---------- RECORDS ----------
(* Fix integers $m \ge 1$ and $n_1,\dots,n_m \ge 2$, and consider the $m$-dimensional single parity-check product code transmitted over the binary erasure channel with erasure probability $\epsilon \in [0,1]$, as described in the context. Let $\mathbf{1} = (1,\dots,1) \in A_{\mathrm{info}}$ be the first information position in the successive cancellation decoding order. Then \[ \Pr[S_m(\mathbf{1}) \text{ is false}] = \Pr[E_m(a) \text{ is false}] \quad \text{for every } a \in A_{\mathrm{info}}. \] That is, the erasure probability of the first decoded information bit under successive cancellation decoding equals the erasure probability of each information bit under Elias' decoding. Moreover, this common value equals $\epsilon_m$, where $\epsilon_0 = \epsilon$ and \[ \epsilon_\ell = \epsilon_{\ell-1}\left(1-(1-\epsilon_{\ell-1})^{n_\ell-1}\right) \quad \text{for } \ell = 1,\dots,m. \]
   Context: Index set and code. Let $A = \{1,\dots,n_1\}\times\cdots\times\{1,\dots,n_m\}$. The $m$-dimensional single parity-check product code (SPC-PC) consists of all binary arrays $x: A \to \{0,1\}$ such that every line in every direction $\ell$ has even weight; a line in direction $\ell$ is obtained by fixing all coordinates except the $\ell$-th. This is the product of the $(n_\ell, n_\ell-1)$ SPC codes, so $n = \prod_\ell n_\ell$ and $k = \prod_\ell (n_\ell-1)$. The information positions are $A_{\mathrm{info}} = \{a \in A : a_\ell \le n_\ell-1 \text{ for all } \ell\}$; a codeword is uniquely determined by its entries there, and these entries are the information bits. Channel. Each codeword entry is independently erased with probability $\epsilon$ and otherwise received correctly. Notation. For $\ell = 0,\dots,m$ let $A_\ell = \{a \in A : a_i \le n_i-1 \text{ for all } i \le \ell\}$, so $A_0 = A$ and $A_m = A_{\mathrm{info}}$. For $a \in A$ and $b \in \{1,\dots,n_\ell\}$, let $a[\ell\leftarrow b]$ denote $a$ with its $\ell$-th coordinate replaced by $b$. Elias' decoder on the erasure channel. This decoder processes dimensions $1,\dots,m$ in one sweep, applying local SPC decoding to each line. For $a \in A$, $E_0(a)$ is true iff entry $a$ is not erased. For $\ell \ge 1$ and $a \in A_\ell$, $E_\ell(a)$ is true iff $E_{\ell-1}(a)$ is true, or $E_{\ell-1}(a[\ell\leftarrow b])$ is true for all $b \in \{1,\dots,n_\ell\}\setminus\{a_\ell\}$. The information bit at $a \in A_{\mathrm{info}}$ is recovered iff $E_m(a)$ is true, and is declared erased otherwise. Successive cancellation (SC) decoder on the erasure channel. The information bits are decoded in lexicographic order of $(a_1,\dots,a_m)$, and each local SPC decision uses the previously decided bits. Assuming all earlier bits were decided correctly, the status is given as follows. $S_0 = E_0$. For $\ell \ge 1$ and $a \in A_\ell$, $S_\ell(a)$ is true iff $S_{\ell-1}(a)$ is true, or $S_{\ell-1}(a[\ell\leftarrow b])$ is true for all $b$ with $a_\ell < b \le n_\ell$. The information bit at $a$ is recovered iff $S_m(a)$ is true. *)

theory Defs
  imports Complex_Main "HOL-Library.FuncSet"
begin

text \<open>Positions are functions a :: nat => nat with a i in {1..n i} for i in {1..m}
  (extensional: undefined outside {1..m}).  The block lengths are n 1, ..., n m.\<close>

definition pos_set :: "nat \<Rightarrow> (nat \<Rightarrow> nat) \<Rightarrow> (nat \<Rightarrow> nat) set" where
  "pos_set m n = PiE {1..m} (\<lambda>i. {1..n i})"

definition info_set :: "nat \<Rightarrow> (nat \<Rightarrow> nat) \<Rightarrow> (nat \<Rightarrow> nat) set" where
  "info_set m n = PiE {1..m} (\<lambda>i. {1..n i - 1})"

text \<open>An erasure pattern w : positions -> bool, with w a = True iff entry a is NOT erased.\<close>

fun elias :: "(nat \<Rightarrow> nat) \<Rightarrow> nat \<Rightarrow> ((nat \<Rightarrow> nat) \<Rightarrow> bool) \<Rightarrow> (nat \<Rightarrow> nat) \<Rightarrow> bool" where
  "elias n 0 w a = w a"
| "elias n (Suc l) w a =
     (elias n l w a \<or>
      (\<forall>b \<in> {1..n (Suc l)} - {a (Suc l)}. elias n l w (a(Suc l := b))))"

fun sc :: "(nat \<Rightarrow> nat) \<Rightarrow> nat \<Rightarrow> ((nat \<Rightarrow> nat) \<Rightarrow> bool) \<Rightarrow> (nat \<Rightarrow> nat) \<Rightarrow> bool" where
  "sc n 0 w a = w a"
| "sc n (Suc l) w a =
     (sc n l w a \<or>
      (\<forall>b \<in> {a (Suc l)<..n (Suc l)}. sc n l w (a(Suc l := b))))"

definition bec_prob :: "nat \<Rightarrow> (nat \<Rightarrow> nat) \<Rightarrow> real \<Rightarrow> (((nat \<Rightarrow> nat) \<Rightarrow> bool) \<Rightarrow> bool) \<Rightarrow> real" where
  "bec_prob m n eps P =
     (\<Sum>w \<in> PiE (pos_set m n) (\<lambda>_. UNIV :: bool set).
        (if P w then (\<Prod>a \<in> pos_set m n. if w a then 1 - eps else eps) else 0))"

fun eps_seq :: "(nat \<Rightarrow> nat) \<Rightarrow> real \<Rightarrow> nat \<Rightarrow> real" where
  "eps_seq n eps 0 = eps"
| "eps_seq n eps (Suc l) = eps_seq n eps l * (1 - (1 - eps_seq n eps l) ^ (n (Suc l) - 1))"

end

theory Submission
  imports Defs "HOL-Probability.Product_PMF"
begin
----------
Repeat every record exactly as written, please.

(* Fix integers $m \ge 1$ and $n_1,\dots,n_m \ge 2$, and consider the $m$-dimensional single parity-check product code transmitted over the binary erasure channel with erasure probability $\epsilon \in [0,1]$, as described in the context. Let $\mathbf{1} = (1,\dots,1) \in A_{\mathrm{info}}$ be the first information position in the successive cancellation decoding order. Then \[ \Pr[S_m(\mathbf{1}) \text{ is false}] = \Pr[E_m(a) \text{ is false}] \quad \text{for every } a \in A_{\mathrm{info}}. \] That is, the erasure probability of the first decoded information bit under successive cancellation decoding equals the erasure probability of each information bit under Elias' decoding. Moreover, this common value equals $\epsilon_m$, where $\epsilon_0 = \epsilon$ and \[ \epsilon_\ell = \epsilon_{\ell-1}\left(1-(1-\epsilon_{\ell-1})^{n_\ell-1}\right) \quad \text{for } \ell = 1,\dots,m. \]
   Context: Index set and code. Let $A = \{1,\dots,n_1\}\times\cdots\times\{1,\dots,n_m\}$. The $m$-dimensional single parity-check product code (SPC-PC) consists of all binary arrays $x: A \to \{0,1\}$ such that every line in every direction $\ell$ has even weight; a line in direction $\ell$ is obtained by fixing all coordinates except the $\ell$-th. This is the product of the $(n_\ell, n_\ell-1)$ SPC codes, so $n = \prod_\ell n_\ell$ and $k = \prod_\ell (n_\ell-1)$. The information positions are $A_{\mathrm{info}} = \{a \in A : a_\ell \le n_\ell-1 \text{ for all } \ell\}$; a codeword is uniquely determined by its entries there, and these entries are the information bits. Channel. Each codeword entry is independently erased with probability $\epsilon$ and otherwise received correctly. Notation. For $\ell = 0,\dots,m$ let $A_\ell = \{a \in A : a_i \le n_i-1 \text{ for all } i \le \ell\}$, so $A_0 = A$ and $A_m = A_{\mathrm{info}}$. For $a \in A$ and $b \in \{1,\dots,n_\ell\}$, let $a[\ell\leftarrow b]$ denote $a$ with its $\ell$-th coordinate replaced by $b$. Elias' decoder on the erasure channel. This decoder processes dimensions $1,\dots,m$ in one sweep, applying local SPC decoding to each line. For $a \in A$, $E_0(a)$ is true iff entry $a$ is not erased. For $\ell \ge 1$ and $a \in A_\ell$, $E_\ell(a)$ is true iff $E_{\ell-1}(a)$ is true, or $E_{\ell-1}(a[\ell\leftarrow b])$ is true for all $b \in \{1,\dots,n_\ell\}\setminus\{a_\ell\}$. The information bit at $a \in A_{\mathrm{info}}$ is recovered iff $E_m(a)$ is true, and is declared erased otherwise. Successive cancellation (SC) decoder on the erasure channel. The information bits are decoded in lexicographic order of $(a_1,\dots,a_m)$, and each local SPC decision uses the previously decided bits. Assuming all earlier bits were decided correctly, the status is given as follows. $S_0 = E_0$. For $\ell \ge 1$ and $a \in A_\ell$, $S_\ell(a)$ is true iff $S_{\ell-1}(a)$ is true, or $S_{\ell-1}(a[\ell\leftarrow b])$ is true for all $b$ with $a_\ell < b \le n_\ell$. The information bit at $a$ is recovered iff $S_m(a)$ is true. *)

theory Defs
  imports Complex_Main "HOL-Library.FuncSet"
begin

text \<open>Positions are functions a :: nat => nat with a i in {1..n i} for i in {1..m}
  (extensional: undefined outside {1..m}).  The block lengths are n 1, ..., n m.\<close>

definition pos_set :: "nat \<Rightarrow> (nat \<Rightarrow> nat) \<Rightarrow> (nat \<Rightarrow> nat) set" where
  "pos_set m n = PiE {1..m} (\<lambda>i. {1..n i})"

definition info_set :: "nat \<Rightarrow> (nat \<Rightarrow> nat) \<Rightarrow> (nat \<Rightarrow> nat) set" where
  "info_set m n = PiE {1..m} (\<lambda>i. {1..n i - 1})"

text \<open>An erasure pattern w : positions -> bool, with w a = True iff entry a is NOT erased.\<close>

fun elias :: "(nat \<Rightarrow> nat) \<Rightarrow> nat \<Rightarrow> ((nat \<Rightarrow> nat) \<Rightarrow> bool) \<Rightarrow> (nat \<Rightarrow> nat) \<Rightarrow> bool" where
  "elias n 0 w a = w a"
| "elias n (Suc l) w a =
     (elias n l w a \<or>
      (\<forall>b \<in> {1..n (Suc l)} - {a (Suc l)}. elias n l w (a(Suc l := b))))"

fun sc :: "(nat \<Rightarrow> nat) \<Rightarrow> nat \<Rightarrow> ((nat \<Rightarrow> nat) \<Rightarrow> bool) \<Rightarrow> (nat \<Rightarrow> nat) \<Rightarrow> bool" where
  "sc n 0 w a = w a"
| "sc n (Suc l) w a =
     (sc n l w a \<or>
      (\<forall>b \<in> {a (Suc l)<..n (Suc l)}. sc n l w (a(Suc l := b))))"

definition bec_prob :: "nat \<Rightarrow> (nat \<Rightarrow> nat) \<Rightarrow> real \<Rightarrow> (((nat \<Rightarrow> nat) \<Rightarrow> bool) \<Rightarrow> bool) \<Rightarrow> real" where
  "bec_prob m n eps P =
     (\<Sum>w \<in> PiE (pos_set m n) (\<lambda>_. UNIV :: bool set).
        (if P w then (\<Prod>a \<in> pos_set m n. if w a then 1 - eps else eps) else 0))"

fun eps_seq :: "(nat \<Rightarrow> nat) \<Rightarrow> real \<Rightarrow> nat \<Rightarrow> real" where
  "eps_seq n eps 0 = eps"
| "eps_seq n eps (Suc l) = eps_seq n eps l * (1 - (1 - eps_seq n eps l) ^ (n (Suc l) - 1))"

end

theory Submission
  imports Defs "HOL-Probability.Product_PMF"
begin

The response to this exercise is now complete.